Lately, seems as if Idaho is getting stuck with one or the other.

On Wednesday, Acting Governor Brad Little tacked Custer, Elmore, and Gooding counties on to a State Disaster Declaration that already included a majority of Idaho counties. At this point – as this was written, anyway – almost three-fourths of Idaho counties are listed by the state as disaster areas owing to flooding.

You see it in remote parts of Custer County and in the population center at Boise, where part of the greenbelt is shut off from access because of high river water.

The water managers seem to have done an effective job of keeping the conditions from creating more damage, at least to this point. But the challenge continues, and there are limits to what they can do.

The snow precipitation report from the National Resources Conservation Service lists snowpack levels by basin around the western half of the country. In Idaho, the accumulated precipitation so far this year is mostly in the range of 140 to 160 percent of normal, compared to generally around 105 to 95 percent at this point last year.
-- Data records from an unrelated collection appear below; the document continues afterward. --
lemma monostable_of_weights:
  fixes S :: "(real^3) set"
  assumes S: "\<not> affine_dependent S" "card S = 4" "p \<in> S"
    and M: "bounds_dihedral_ratios S M"
    and w: "\<forall>v\<in>S. 0 < w v"
    and light: "\<forall>v\<in>S - {p}. M * w p \<le> w v"
    and heavy: "\<forall>v\<in>S - {p}. \<exists>u\<in>S. meet_obtusely S v u \<and> M * w u \<le> w v"
  shows "\<exists>G\<in>interior (convex hull S). monostable (convex hull S) G \<and>
    stable_equilibrium_on (convex hull S) G (convex hull (S - {p}))"
proof -
  have "finite S" "S \<noteq> {}"
    using S by (auto simp: card_ge_0_finite)
  then have W: "0 < sum w S"
    using w by (simp add: sum_pos)
  define l where "l v = w v / sum w S" for v
  define G where "G = (\<Sum>v\<in>S. l v *\<^sub>R v)"
  have l: "\<forall>v\<in>S. 0 < l v" "sum l S = 1" "G = (\<Sum>v\<in>S. l v *\<^sub>R v)"
    using w W by (simp_all add: l_def G_def flip: sum_divide_distrib)
  have scaled: "M * l u \<le> l v \<longleftrightarrow> M * w u \<le> w v" for u v
    using W by (simp add: l_def divide_le_eq)
  have "G \<in> interior (convex hull S)"
    using interior_convex_hull_explicit_minimal[OF S(1)] S(2) l by auto
  have eq_p: "equilibrium_on (convex hull S) G (convex hull (S - {p}))"
    unfolding equilibrium_on_simplex_face_iff[OF S l]
  proof (intro allI impI)
    fix X Y Z
    assume lab: "S = {p, X, Y, Z}" "distinct [p, X, Y, Z]"
    define c where "c = dihedral_inner Y Z p X"
    define h where "h = norm (perp_to_line Y Z X)^2"
    have "\<bar>c\<bar> < M * h"
      using M lab unfolding bounds_dihedral_ratios_def dihedral_ratio_bound_def c_def h_def by blast
    moreover have "M * l p \<le> l X" "0 < l p" "0 \<le> h"
      using light l(1) lab scaled by (auto simp: h_def)
    ultimately have "0 < l p * (M * h + c)" "M * l p * h \<le> l X * h"
      by (auto intro: mult_right_mono)
    then show "0 < l X * norm (perp_to_line Y Z X)^2 + l p * dihedral_inner Y Z p X"
      by (simp add: c_def[symmetric] h_def[symmetric] algebra_simps)
  qed
  have no_eq: "\<not> equilibrium_on (convex hull S) G (convex hull (S - {v}))"
    if v: "v \<in> S - {p}" for v
  proof -
    obtain u where "meet_obtusely S v u" "M * w u \<le> w v"
      using bspec[OF heavy v] by blast
    then have "M * l u \<le> l v"
      using scaled by simp
    obtain y z where lab: "S = {v, u, y, z}" "distinct [v, u, y, z]"
      and obtuse: "dihedral_inner y z v u < 0"
      using \<open>meet_obtusely S v u\<close> unfolding meet_obtusely_def by blast
    define c where "c = dihedral_inner y z v u"
    define h where "h = norm (perp_to_line y z u)^2"
    have "h \<le> M * - c"
      using M lab obtuse unfolding bounds_dihedral_ratios_def dihedral_ratio_bound_def c_def h_def by blast
    then have "l u * h \<le> l u * (M * - c)"
      using l(1) lab by (intro mult_left_mono) auto
    also have "\<dots> = (M * l u) * - c"
      by (simp add: algebra_simps)
    also have "\<dots> \<le> l v * - c"
      using \<open>M * l u \<le> l v\<close> obtuse by (intro mult_right_mono) (auto simp: c_def)
    finally have "\<not> 0 < l u * norm (perp_to_line y z u)^2 + l v * dihedral_inner y z v u"
      by (simp add: c_def h_def)
    then show ?thesis
      using equilibrium_on_simplex_face_iff[OF S(1,2) _ l] lab v by blast
  qed
  have "monostable (convex hull S) G"
    unfolding monostable_simplex_iff[OF S(1,2)] using S(3) eq_p no_eq by blast
  moreover have "stable_equilibrium_on (convex hull S) G (convex hull (S - {p}))"
    unfolding stable_equilibrium_on_def facet3_simplex_iff[OF S(1,2)] using S(3) eq_p by blast
  ultimately show ?thesis
    using \<open>G \<in> interior (convex hull S)\<close> by blast
qed

text \<open>The weights grow by the factor \<open>M\<close> along the path of faces away from the face opposite
  \<open>p\<close>; reversing the path reduces the four possible positions of \<open>p\<close> to the first two.\<close>

lemma monostable_from_dual_path:
  fixes S :: "(real^3) set"
  assumes S: "\<not> affine_dependent S" "card S = 4"
    and path: "S = {a, b, c, e}" "distinct [a, b, c, e]"
      "meet_obtusely S a b" "meet_obtusely S b c" "meet_obtusely S c e"
    and "p \<in> S"
  shows "\<exists>G\<in>interior (convex hull S). monostable (convex hull S) G \<and>
    stable_equilibrium_on (convex hull S) G (convex hull (S - {p}))"
proof -
  obtain M where "1 \<le> M" and M: "bounds_dihedral_ratios S M"
    using bounds_dihedral_ratios_exists[OF S] by blast
  have powers: "0 < M" "M \<le> M^2" "M \<le> M^3" "M * M = M^2" "M * M^2 = M^3"
    using \<open>1 \<le> M\<close>
    by (auto simp: power2_eq_square power3_eq_cube intro: order_trans[OF _ mult_right_mono[of 1 M M]])
  have near_start: ?thesis
    if path: "S = {a, b, c, e}" "distinct [a, b, c, e]"
      "meet_obtusely S a b" "meet_obtusely S b c" "meet_obtusely S c e"
    and "p = a \<or> p = b" for a b c e
  proof -
    have reversed: "meet_obtusely S b a" "meet_obtusely S c b" "meet_obtusely S e c"
      using path meet_obtusely_sym by blast+
    from \<open>p = a \<or> p = b\<close> show ?thesis
    proof
      assume "p = a"
      show ?thesis
      proof (rule monostable_of_weights[OF S \<open>p \<in> S\<close> M,
            where w = "\<lambda>v. if v = a then 1 else if v = b then M else if v = c then M^2 else M^3"])
        show "\<forall>v\<in>S. 0 < (if v = a then 1 else if v = b then M else if v = c then M^2 else M^3)"
          using powers by simp
      qed (use path reversed powers \<open>p = a\<close> in auto)
    next
      assume "p = b"
      show ?thesis
      proof (rule monostable_of_weights[OF S \<open>p \<in> S\<close> M,
            where w = "\<lambda>v. if v = b then 1 else if v = a then M else if v = c then M else M^2"])
        show "\<forall>v\<in>S. 0 < (if v = b then 1 else if v = a then M else if v = c then M else M^2)"
          using powers by simp
      qed (use path reversed powers \<open>p = b\<close> in auto)
    qed
  qed
  have "S = {e, c, b, a}" "distinct [e, c, b, a]"
    "meet_obtusely S e c" "meet_obtusely S c b" "meet_obtusely S b a"
    using path meet_obtusely_sym by (auto simp: insert_commute)
  then show ?thesis
    using near_start[OF path] near_start[of e c b a] \<open>p \<in> S\<close> path(1) by blast
qed

lemma has_obtuse_path_iff_dual_path:
  assumes "distinct [A, B, C, D]"
  shows "has_obtuse_path A B C D \<longleftrightarrow> (\<exists>a b c e. {A, B, C, D} = {a, b, c, e} \<and> distinct [a, b, c, e] \<and>
    meet_obtusely {A, B, C, D} a b \<and> meet_obtusely {A, B, C, D} b c \<and>
    meet_obtusely {A, B, C, D} c e)"
  (is "_ \<longleftrightarrow> (\<exists>a b c e. ?S = _ \<and> _)")
proof
  assume "has_obtuse_path A B C D"
  then obtain a b c d where "{a, b, c, d} = ?S" "distinct [a, b, c, d]"
    and obtuse: "dihedral_inner a b c d < 0" "dihedral_inner b c a d < 0" "dihedral_inner c d a b < 0"
    unfolding has_obtuse_path_def dihedral_angle_obtuse_iff by blast
  then have lab: "?S = {a, b, c, d}" "distinct [a, b, c, d]"
    by simp_all
  have "?S = {c, d, a, b}" "?S = {a, d, b, c}"
    unfolding lab(1) by (simp_all add: insert_commute)
  moreover have "distinct [c, d, a, b]" "distinct [a, d, b, c]"
    using lab(2) by auto
  ultimately have "meet_obtusely ?S c d" "meet_obtusely ?S a d" "meet_obtusely ?S a b"
    using meet_obtusely_iff[of ?S c d a b] meet_obtusely_iff[of ?S a d b c]
      meet_obtusely_iff[OF lab] obtuse
    by simp_all
  then have "?S = {c, d, a, b} \<and> distinct [c, d, a, b] \<and>
      meet_obtusely ?S c d \<and> meet_obtusely ?S d a \<and> meet_obtusely ?S a b"
    using \<open>?S = {c, d, a, b}\<close> \<open>distinct [c, d, a, b]\<close> meet_obtusely_sym by blast
  then show "\<exists>a b c e. ?S = {a, b, c, e} \<and> distinct [a, b, c, e] \<and>
      meet_obtusely ?S a b \<and> meet_obtusely ?S b c \<and> meet_obtusely ?S c e"
    by (rule exI[of _ c, OF exI[of _ d, OF exI[of _ a, OF exI[of _ b]]]])
next
  assume "\<exists>a b c e. ?S = {a, b, c, e} \<and> distinct [a, b, c, e] \<and>
      meet_obtusely ?S a b \<and> meet_obtusely ?S b c \<and> meet_obtusely ?S c e"
  then obtain a b c e where lab: "?S = {a, b, c, e}" "distinct [a, b, c, e]"
    and dual: "meet_obtusely ?S a b" "meet_obtusely ?S b c" "meet_obtusely ?S c e"
    by blast
  have "?S = {b, c, a, e}" "?S = {c, e, a, b}"
    unfolding lab(1) by (simp_all add: insert_commute)
  moreover have "distinct [b, c, a, e]" "distinct [c, e, a, b]"
    using lab(2) by auto
  ultimately have "dihedral_inner c e a b < 0" "dihedral_inner a e b c < 0" "dihedral_inner a b c e < 0"
    using meet_obtusely_iff[OF lab] meet_obtusely_iff[of ?S b c a e]
      meet_obtusely_iff[of ?S c e a b] dual
    by simp_all
  then have "dihedral_angle c e a b > pi / 2" "dihedral_angle e a c b > pi / 2"
    "dihedral_angle a b c e > pi / 2"
    unfolding dihedral_angle_obtuse_iff
    by (simp_all add: dihedral_inner_edge_commute[of e a] dihedral_inner_commute[of a e c])
  then show "has_obtuse_path A B C D"
    unfolding has_obtuse_path_def
    using \<open>?S = {c, e, a, b}\<close> \<open>distinct [c, e, a, b]\<close> by auto
qed

theorem theorem1p3:
  fixes A B C D :: "real^3"
  assumes "distinct [A, B, C, D]"
    and "\<not> affine_dependent {A, B, C, D}"
  defines "T \<equiv> convex hull {A, B, C, D}"
  shows "(has_obtuse_path A B C D
            \<longleftrightarrow> (\<exists>G \<in> interior T. monostable T G))
       \<and> ((\<exists>G \<in> interior T. monostable T G)
            \<longleftrightarrow> (\<forall>F. facet3 F T \<longrightarrow>
                   (\<exists>G\<^sub>F \<in> interior T. monostable T G\<^sub>F \<and> stable_equilibrium_on T G\<^sub>F F)))"
proof -
  let ?S = "{A, B, C, D}"
  have S: "\<not> affine_dependent ?S" "card ?S = 4"
    using assms(1,2) by auto
  note dual_path = has_obtuse_path_iff_dual_path[OF assms(1)]
  have "has_obtuse_path A B C D \<Longrightarrow>
      \<forall>F. facet3 F T \<longrightarrow> (\<exists>G \<in> interior T. monostable T G \<and> stable_equilibrium_on T G F)"
    unfolding T_def facet3_simplex_iff[OF S] dual_path using monostable_from_dual_path[OF S] by blast
  moreover have "facet3 (convex hull (?S - {A})) T"
    unfolding T_def facet3_simplex_iff[OF S] by blast
  moreover have "\<exists>G \<in> interior T. monostable T G \<Longrightarrow> has_obtuse_path A B C D"
    unfolding T_def dual_path using monostable_imp_dual_path[OF S] by blast
  ultimately show ?thesis
    by blast
qed

end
The Little Wood and the Big Lost are the highest, at 177 percent, but the Boise River and the Snake River above the Palisades Dam are at 159 percent – high levels. The lowest in the state is the Clearwater Basin at 121 percent.

That portends a real possibility of more problems ahead, if the melting doesn’t organize itself just right.

That’s some background for the governmental push and pull over Idaho and its disaster status, one partly approved and partly not.

The procedure is that (often after an initial request from the county level) states make the request for federal help, and the feds – meaning the president or a disaster agency, or both, sign off (which they usually do). In late April, President Donald Trump did sign a state-requested declaration covering Cassia, Franklin, Gooding, Jefferson, Jerome, Lincoln, Minidoka, Twin Falls and Washington counties for their flooding and related problems in March.

Another declaration covering Bonner, Boundary, Clearwater, Idaho, Kootenai, Latah, Shoshone and Valley counties awaits action.

However, another declaration requested by the state, covering Ada, Canyon, Custer, Payette and Washington counties (for December and January snowstorms) was – unusually – rejected. Federal Emergency Management Agency Acting Administrator Robert Fenton turned down the state request: “After a thorough review of all the information contained in your initial request and appeal, we reaffirm our original findings that the impact from this event is not of the severity and magnitude that warrants a major disaster declaration.”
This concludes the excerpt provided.